Among the records that follow, set down only the lines from the one containing "X *v lie_apply" to the one containing "B (\<lambda>i. if", both included, exactly.

▶

(* Let $G=(V,E)$ be a finite, connected, bipartite cubic graph and $n>0$. For every $A\in\mathcal F(G)$ and every pair $x,y\in V$, the states $(A,x,x)$ and $(A,y,y)$ of $\mathcal R(G)$ intercommunicate under $P_{G,n}$: the chain started at $(A,x,x)$ reaches $(A,y,y)$ with positive probability, and vice versa.
   Context: $\mathcal F(G)=\{A\subseteq E: d_w(A)=2\text{ for all }w\in V\}$ (the 2-factors of $G$). Let $G=(V,E)$ be a finite, connected, bipartite cubic (3-regular) graph and $n>0$. For $A\subseteq E$ and $w\in V$ let $d_w(A)$ be the number of edges of $A$ incident to $w$, and let $\partial A$ be the set of vertices $w$ with $d_w(A)$ odd. Let $\mathcal R(G)$ be the set of ordered triples $(A,u,v)$ with $A\subseteq E$, $u,v\in V$, such that $\partial A=\{u,v\}$ if $u\ne v$ and $\partial A=\emptyset$ if $u=v$, $d_w(A)\ge1$ for all $w\in V$, and $d_u(A)+d_v(A)\ge4$. For $(A,u,v)\in\mathcal R(G)$ let $C_{uv}(A)$ be the connected component of $(V,A)$ containing $u$ (and $v$). Partition $\mathcal R(G)$ into: $\mathcal E$, the states where $C_{uv}(A)$ is a cycle (equivalently $u=v$); $\mathcal T$, where $C_{uv}(A)$ is a tadpole graph (a cycle with a path attached at one of its endpoints; equivalently $\{d_u(A),d_v(A)\}=\{1,3\}$); $\Theta$, where $C_{uv}(A)$ is a theta graph (two degree-3 vertices joined by three internally vertex-disjoint paths); $\mathcal D$, where $C_{uv}(A)$ is a dumbbell graph (two vertex-disjoint cycles joined by a path of length $\ge1$). An edge of $A$ is a bridge if deleting it from $(V,A)$ increases the number of connected components. $\triangle$ denotes symmetric difference. The Markov chain $P_{G,n}$ on $\mathcal R(G)$ is defined as follows: from the state $(A,u,v)$, for each edge $e=uu'\in E$ incident to $u$ it moves to $(A\triangle e,u',v)$, and for each edge $e=vv'\in E$ incident to $v$ it moves to $(A\triangle e,u,v')$, where such a move (along edge $e$ incident to the moved defect) has probability $1/2$ if $(A,u,v)\in\mathcal E\cup\mathcal T$ and $e\notin A$; $1/6$ if $(A,u,v)\in\Theta$; $n/(2(n+2))$ if $(A,u,v)\in\mathcal D$ and $e$ is a bridge of $(V,A)$; $1/(2(n+2))$ if $(A,u,v)\in\mathcal D$ and $e\in A$ is not a bridge; and $0$ otherwise. (If $u=v$, the two moves along the unique edge $e\notin A$ at $u$ lead to the distinct states $(A\cup e,u',u)$ and $(A\cup e,u,u')$.) All other transitions, including all identity transitions, have probability $0$. *)

theory Defs
  imports Complex_Main
begin
lemma linear_lie_apply: "linear (\<lambda>X. lie_apply X p)"
  by (intro linearI)
     (simp_all add: lie_apply_def matrix_vector_mult_add_rdistrib scaleR_matrix_vector_assoc
      scaleR_right_distrib)

lemma linear_orbit_form_left: "linear (\<lambda>V. orbit_form Q p V W)"
  by (intro linearI)
     (simp_all add: orbit_form_lie_apply linear_add[OF linear_lie_apply]
      linear_scale[OF linear_lie_apply] bform_simps[OF bilinear_bform])

lemma lie_bracket_aff_mult: "lie_bracket X Y = aff_mult X Y - aff_mult Y X"
  by (simp add: lie_bracket_def aff_mult_def)

lemma aff_mult_assoc: "aff_mult (aff_mult X Y) Z = aff_mult X (aff_mult Y Z)"
  by (simp add: aff_mult_def matrix_mul_assoc matrix_vector_mul_assoc)

lemma lie_apply_aff_mult: "lie_apply (aff_mult X Y) p = fst X *v lie_apply Y p"
  by (simp add: aff_mult_def lie_apply_def matrix_vector_right_distrib matrix_vector_mul_assoc)

lemma linear_aff_mult: "linear (aff_mult X)"
  by (intro linearI)
     (simp_all add: aff_mult_def matrix_add_ldistrib matrix_vector_right_distrib
      matrix_scalar_ac scalar_matrix_assoc matrix_vector_mult_scaleR)

lemma linear_aff_mult_left: "linear (\<lambda>X. aff_mult X Y)"
  by (intro linearI)
     (simp_all add: aff_mult_def matrix_add_rdistrib scalar_matrix_assoc
      matrix_vector_mult_add_rdistrib scaleR_matrix_vector_assoc)
lemma Tinf_eq_terms:
  "Tinf p \<gamma> B w x = Tinf_head p \<gamma> B w + suminf (rate_term p \<gamma> w x) + suminf (residual_term p \<gamma> B w x)"
  unfolding Tinf_def Tinf_head_def rate_term_def residual_term_def by simp

lemma admissible_nonneg: "admissible B x \<Longrightarrow> 1 \<le> i \<Longrightarrow> 0 \<le> x i"
  unfolding admissible_def by auto

lemma admissible_le_budget:
  assumes "admissible B x" "1 \<le> i"
  shows "x i \<le> B"
proof -
  have "x i \<le> (\<Sum>j=1..i. x j)"
    by (rule member_le_sum) (use assms in \<open>auto simp: admissible_def\<close>)
  also have "\<dots> \<le> B" using assms unfolding admissible_def by auto
  finally show ?thesis .
qed

lemma admissible_residual_bounds:
  assumes "admissible B x"
  shows "0 \<le> B - (\<Sum>i=1..n. x i)" "B - (\<Sum>i=1..n. x i) \<le> B"
proof -
  show "0 \<le> B - (\<Sum>i=1..n. x i)" using assms unfolding admissible_def by auto
  have "0 \<le> (\<Sum>i=1..n. x i)" by (rule sum_nonneg) (use assms in \<open>auto simp: admissible_def\<close>)
  then show "B - (\<Sum>i=1..n. x i) \<le> B" by simp
qed

lemma admissible_imp_feasibleN: "admissible B x \<Longrightarrow> feasibleN B N x"
  unfolding admissible_def feasibleN_def by auto

lemma feasibleN_imp_admissible_truncation:
  assumes "feasibleN B N \<xi>"
  shows "admissible B (\<lambda>i. if i \<le> N then \<xi> i else 0)"
  unfolding admissible_def
proof (intro conjI allI impI)
  have nonneg: "\<forall>j\<in>{1..N}. 0 \<le> \<xi> j" and budget: "(\<Sum>j=1..N. \<xi> j) \<le> B"
    using assms by (auto simp: feasibleN_def)
  fix n
  have "(\<Sum>i=1..n. (if i \<le> N then \<xi> i else 0)) = (\<Sum>i\<in>{1..n} \<inter> {i. i \<le> N}. \<xi> i)"
    by (simp add: sum.If_cases)
  also have "\<dots> \<le> (\<Sum>i=1..N. \<xi> i)"
    by (rule sum_mono2) (use nonneg in auto)
  finally show "(\<Sum>i=1..n. (if i \<le> N then \<xi> i else 0)) \<le> B" using budget by simp
qed (use assms in \<open>auto simp: feasibleN_def\<close>)

lemma admissible_midpoint:
  assumes "admissible B x" "admissible B y"
  shows "admissible B (\<lambda>i. (x i + y i)/2)"
  unfolding admissible_def
proof (intro conjI allI impI)
  fix n
  have "sum x {1..n} \<le> B" "sum y {1..n} \<le> B" using assms unfolding admissible_def by auto
  moreover have "(\<Sum>i=1..n. (x i + y i)/2) = (sum x {1..n} + sum y {1..n})/2"
    by (simp only: sum_divide_distrib[symmetric] sum.distrib)
  ultimately show "(\<Sum>i=1..n. (x i + y i)/2) \<le> B" by simp
qed (use assms in \<open>auto simp: admissible_def\<close>)

subsection \<open>Strong concavity of the logarithm on a bounded interval\<close>

lemma log_one_plus_bounds:
  assumes "0 \<le> t" "t \<le> K" "0 < q"
  shows "0 \<le> log 2 (1 + q*t)" "log 2 (1 + q*t) \<le> log 2 (1 + q*K)"
proof -
  have "0 \<le> q*t" using assms by simp
  then show "0 \<le> log 2 (1 + q*t)" by simp
  show "log 2 (1 + q*t) \<le> log 2 (1 + q*K)"
    using assms \<open>0 \<le> q*t\<close> by (intro log_mono) (auto intro!: mult_left_mono simp: add_pos_nonneg)
qed

lemma log_one_plus_square_nonneg: "0 \<le> log 2 (1 + t^2)"
  by (simp add: add_pos_nonneg)
text \<open>
  \<open>H\<^sup>*(A)\<close> is spanned by the classes of finitely many cocycles, and each of them has only
  finitely many nonzero components in the summands \<open>A\<^sup>n\<^sub>p\<close>. The projections onto the summands
  commute with \<open>d\<close>, so a nonzero class in \<open>H\<^sup>n(A)\<^sub>p\<close> forces some generator to have a
  nonzero \<open>(n, p)\<close>-component: only finitely many bidegrees carry cohomology. By positivity
  they have \<open>p = 0\<close> if \<open>n = 0\<close> and \<open>p \<ge> 1\<close> otherwise, so with \<open>N\<close> bounding their degrees
  and \<open>P\<close> their weights, \<open>\<alpha> = 1/N\<close> and \<open>k = N P\<close> do the job.
\<close>

lemma sum_extend_by_zero:
  fixes f :: "'i \<Rightarrow> 'a::comm_monoid_add"
  assumes "finite T" "S \<subseteq> T"
  shows "(\<Sum>j\<in>T. if j \<in> S then f j else 0) = sum f S"
  using sum.inter_restrict[OF assms(1), of f S] assms(2) by (simp add: Int_absorb1)

locale direct_sum_decomposition = module scale
  for scale :: "'k::field \<Rightarrow> 'a::ab_group_add \<Rightarrow> 'a" +
  fixes V :: "'i \<Rightarrow> 'a set"
  assumes decomposition: "direct_sum_decomp scale V"
begin

lemma subspace_summand: "subspace (V i)"
  using decomposition by (simp add: direct_sum_decomp_def)

lemma zero_in_summand: "0 \<in> V i"
  using subspace_0[OF subspace_summand] .

lemma decomposition_exists: "\<exists>S f. finite S \<and> (\<forall>j\<in>S. f j \<in> V j) \<and> x = sum f S"
  using decomposition by (simp add: direct_sum_decomp_def)

lemma decomposition_unique:
  assumes S: "finite S" "\<forall>j\<in>S. f j \<in> V j"
    and T: "finite T" "\<forall>j\<in>T. g j \<in> V j"
    and eq: "sum f S = sum g T"
  shows "(if i \<in> S then f i else 0) = (if i \<in> T then g i else 0)"
proof -
  define h where "h j = (if j \<in> S then f j else 0) - (if j \<in> T then g j else 0)" for j
  have "h j \<in> V j" for j
    unfolding h_def using S T zero_in_summand by (intro subspace_diff[OF subspace_summand]) auto
  moreover have "sum h (S \<union> T) = 0"
    using S(1) T(1) eq by (simp add: h_def sum_subtractf sum_extend_by_zero)
  moreover have "finite (S \<union> T)" using S(1) T(1) by simp
  ultimately have "\<forall>j \<in> S \<union> T. h j = 0"
    using decomposition unfolding direct_sum_decomp_def by blast
  then show ?thesis by (cases "i \<in> S \<union> T") (auto simp: h_def)
qed

definition component :: "'i \<Rightarrow> 'a \<Rightarrow> 'a" where
  "component i x = (THE v. \<exists>S f. finite S \<and> (\<forall>j\<in>S. f j \<in> V j) \<and> x = sum f S \<and>
      v = (if i \<in> S then f i else 0))"

lemma component_eq:
  assumes "finite S" "\<forall>j\<in>S. f j \<in> V j" "x = sum f S"
  shows "component i x = (if i \<in> S then f i else 0)"
  unfolding component_def
proof (rule the_equality)
  fix v
  assume "\<exists>T g. finite T \<and> (\<forall>j\<in>T. g j \<in> V j) \<and> x = sum g T \<and> v = (if i \<in> T then g i else 0)"
  then obtain T g where "finite T" "\<forall>j\<in>T. g j \<in> V j" "x = sum g T"
    and "v = (if i \<in> T then g i else 0)" by blast
  then show "v = (if i \<in> S then f i else 0)"
    using decomposition_unique[OF assms(1,2), of T g i] assms(3) by simp
qed (use assms in blast)

lemma component_in_summand: "component i x \<in> V i"
proof -
  obtain S f where "finite S" "\<forall>j\<in>S. f j \<in> V j" "x = sum f S"
    using decomposition_exists by blast
  then show ?thesis using component_eq[of S f x i] zero_in_summand by simp
qed

lemma component_summand: "x \<in> V i \<Longrightarrow> component i x = x"
  using component_eq[of "{i}" "\<lambda>_. x" x i] by simp

lemma finite_component_support: "finite {i. component i x \<noteq> 0}"
proof -
  obtain S f where S: "finite S" "\<forall>j\<in>S. f j \<in> V j" "x = sum f S"
    using decomposition_exists by blast
  then have "{i. component i x \<noteq> 0} \<subseteq> S" using component_eq by auto
  then show ?thesis using S(1) finite_subset by blast
qed

lemma component_add: "component i (x + y) = component i x + component i y"
proof -
  obtain S f where S: "finite S" "\<forall>j\<in>S. f j \<in> V j" "x = sum f S"
    using decomposition_exists by blast
  obtain T g where T: "finite T" "\<forall>j\<in>T. g j \<in> V j" "y = sum g T"
    using decomposition_exists by blast
  define h where "h j = (if j \<in> S then f j else 0) + (if j \<in> T then g j else 0)" for j
  have "\<forall>j\<in>S \<union> T. h j \<in> V j"
    unfolding h_def using S(2) T(2) zero_in_summand
    by (auto intro!: subspace_add[OF subspace_summand])
  moreover have "x + y = sum h (S \<union> T)"
    unfolding S(3) T(3) h_def sum.distrib
    using S(1) T(1) by (simp add: sum_extend_by_zero)
  ultimately have "component i (x + y) = (if i \<in> S \<union> T then h i else 0)"
    using S(1) T(1) component_eq[of "S \<union> T" h] by blast
  also have "\<dots> = component i x + component i y"
    unfolding component_eq[OF S, of i] component_eq[OF T, of i] h_def by simp
  finally show ?thesis .
qed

◀

## WRITTEN REPLY
lemma lie_apply_aff_mult: "lie_apply (aff_mult X Y) p = fst X *v lie_apply Y p"
  by (simp add: aff_mult_def lie_apply_def matrix_vector_right_distrib matrix_vector_mul_assoc)

lemma linear_aff_mult: "linear (aff_mult X)"
  by (intro linearI)
     (simp_all add: aff_mult_def matrix_add_ldistrib matrix_vector_right_distrib
      matrix_scalar_ac scalar_matrix_assoc matrix_vector_mult_scaleR)

lemma linear_aff_mult_left: "linear (\<lambda>X. aff_mult X Y)"
  by (intro linearI)
     (simp_all add: aff_mult_def matrix_add_rdistrib scalar_matrix_assoc
      matrix_vector_mult_add_rdistrib scaleR_matrix_vector_assoc)
lemma Tinf_eq_terms:
  "Tinf p \<gamma> B w x = Tinf_head p \<gamma> B w + suminf (rate_term p \<gamma> w x) + suminf (residual_term p \<gamma> B w x)"
  unfolding Tinf_def Tinf_head_def rate_term_def residual_term_def by simp

lemma admissible_nonneg: "admissible B x \<Longrightarrow> 1 \<le> i \<Longrightarrow> 0 \<le> x i"
  unfolding admissible_def by auto

lemma admissible_le_budget:
  assumes "admissible B x" "1 \<le> i"
  shows "x i \<le> B"
proof -
  have "x i \<le> (\<Sum>j=1..i. x j)"
    by (rule member_le_sum) (use assms in \<open>auto simp: admissible_def\<close>)
  also have "\<dots> \<le> B" using assms unfolding admissible_def by auto
  finally show ?thesis .
qed

lemma admissible_residual_bounds:
  assumes "admissible B x"
  shows "0 \<le> B - (\<Sum>i=1..n. x i)" "B - (\<Sum>i=1..n. x i) \<le> B"
proof -
  show "0 \<le> B - (\<Sum>i=1..n. x i)" using assms unfolding admissible_def by auto
  have "0 \<le> (\<Sum>i=1..n. x i)" by (rule sum_nonneg) (use assms in \<open>auto simp: admissible_def\<close>)
  then show "B - (\<Sum>i=1..n. x i) \<le> B" by simp
qed

lemma admissible_imp_feasibleN: "admissible B x \<Longrightarrow> feasibleN B N x"
  unfolding admissible_def feasibleN_def by auto

lemma feasibleN_imp_admissible_truncation:
  assumes "feasibleN B N \<xi>"
  shows "admissible B (\<lambda>i. if i \<le> N then \<xi> i else 0)"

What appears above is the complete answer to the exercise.